|We wanted to provide an update on the equity-market selloff, which we are closely monitoring.|
It's easy to get negative in this environment. We see panic in the market and resiliency in many parts of the economy. We admit growth is anemic, but let's consider what we've been through this year.
The S&P 500 is one of the most commonly used benchmarks for the overall U.S. stock market. The Dow Jones Industrial Average (DJIA) was at one time the most renowned index for U.S. stocks, but the DJIA contains only 30 companies. The S&P 500 is a better representation of the U.S. market. For most, it is the definition of the market. For the first seven months of this year, the S&P 500 has been trading in a range of 1250-1350 (an approximate 8% swing).
We consider an 8% swing a fairly "resilient" marketplace considering these recent events:
Yesterday, the trading range changed for the worse as the S&P broke through a key support line.
- Japan, the 3rd largest economy, was hit with an earthquake, caused a nuclear meltdown and crippled the Japanese economy along with global supply lines.
- Disruption in oil supply lines as rebellions across the Middle-East sprung up.
- More than one European nation has needed a bailout to avoid defaulting on their debt with more to follow.
- As a nation, we are involved in several military conflicts along with a new conflict in Libya.
- On the domestic front, we've had an anemic jobs picture.
- Don't forget, the "mother of all debt ceiling" showdowns.
While we acknowledge the risks that the economic slowdown and sovereign-debt crisis pose, notably Italy, we still see positive signs in the U.S. economy.

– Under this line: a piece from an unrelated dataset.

(* Let $\mathcal{A}$ be a unital C$^*$-algebra with center $Z(\mathcal{A})$. (1) If $L$ is a complete transfer action for a C$^*$-dynamical system $(\mathcal{A},\Gamma^+,\alpha)$, then $(\alpha,L)$ is a complete interaction and $L_x(1)\in Z(\mathcal{A})$ for all $x\in\Gamma^+$. (2) Conversely, if $(\mathcal{V},\mathcal{H})$ is a complete interaction such that $\mathcal{H}_x(1)\in Z(\mathcal{A})$ for all $x\in\Gamma^+$, then each $\mathcal{V}_x$ is multiplicative, i.e. $(\mathcal{A},\Gamma^+,\mathcal{V})$ is a C$^*$-dynamical system, and $\mathcal{H}$ is a complete transfer action for it.
   Context: $\Gamma$ is a totally ordered abelian group with identity $0$ and $\Gamma^+=\{x\in\Gamma:0\le x\}$. An action of $\Gamma^+$ on $\mathcal{A}$ is a map $x\mapsto\mathcal{V}_x$ from $\Gamma^+$ into the bounded positive linear maps $\mathcal{A}\to\mathcal{A}$ with $\mathcal{V}_0=\mathrm{Id}$ and $\mathcal{V}_x\circ\mathcal{V}_y=\mathcal{V}_{x+y}$; a C$^*$-dynamical system $(\mathcal{A},\Gamma^+,\alpha)$ is such an action in which each $\alpha_x$ is a $*$-endomorphism. A transfer action for $(\mathcal{A},\Gamma^+,\alpha)$ is an action $L$ with $L_x(\alpha_x(a)b)=aL_x(b)$ for all $a,b\in\mathcal{A}$, $x\in\Gamma^+$; it is complete if moreover $\alpha_x(L_x(a))=\alpha_x(1)a\alpha_x(1)$ for all $a\in\mathcal{A}$, $x\in\Gamma^+$. An interaction is a pair $(\mathcal{V},\mathcal{H})$ of actions such that for every $x\in\Gamma^+$: (i) $\mathcal{V}_x\mathcal{H}_x\mathcal{V}_x=\mathcal{V}_x$; (ii) $\mathcal{H}_x\mathcal{V}_x\mathcal{H}_x=\mathcal{H}_x$; (iii) $\mathcal{V}_x(ab)=\mathcal{V}_x(a)\mathcal{V}_x(b)$ whenever $a$ or $b$ belongs to $\mathcal{H}_x(\mathcal{A})$; (iv) $\mathcal{H}_x(ab)=\mathcal{H}_x(a)\mathcal{H}_x(b)$ whenever $a$ or $b$ belongs to $\mathcal{V}_x(\mathcal{A})$. An interaction is complete if moreover $\mathcal{H}_x(\mathcal{V}_x(a))=\mathcal{H}_x(1)a\mathcal{H}_x(1)$ and $\mathcal{V}_x(\mathcal{H}_x(a))=\mathcal{V}_x(1)a\mathcal{V}_x(1)$ for all $x\in\Gamma^+$, $a\in\mathcal{A}$, and $\mathcal{H}_y(1)\mathcal{V}_x(1)=\mathcal{V}_x(1)\mathcal{H}_y(1)$ for all $x,y\in\Gamma^+$. *)

theory Defs
  imports "HOL-Analysis.Analysis"
begin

A recent report by Morningstar® estimates that the S&P is now trading about 20% below its cumulative intrinsic value. Keep in mind that corporate earnings have generally been strong during this last quarter.
Right now, we believe our biggest concern is the Euro zone and a potential collapse of its banking system. Ultimately, we expect a bailout and a capital injection into their banking system.
In closing, we find it fascinating that Treasuries have soared over the last couple of days during this flight to quality. Just days before, Treasuries were facing a downgrade in credit quality. What a difference a few days makes! We will continue to keep an eye on things.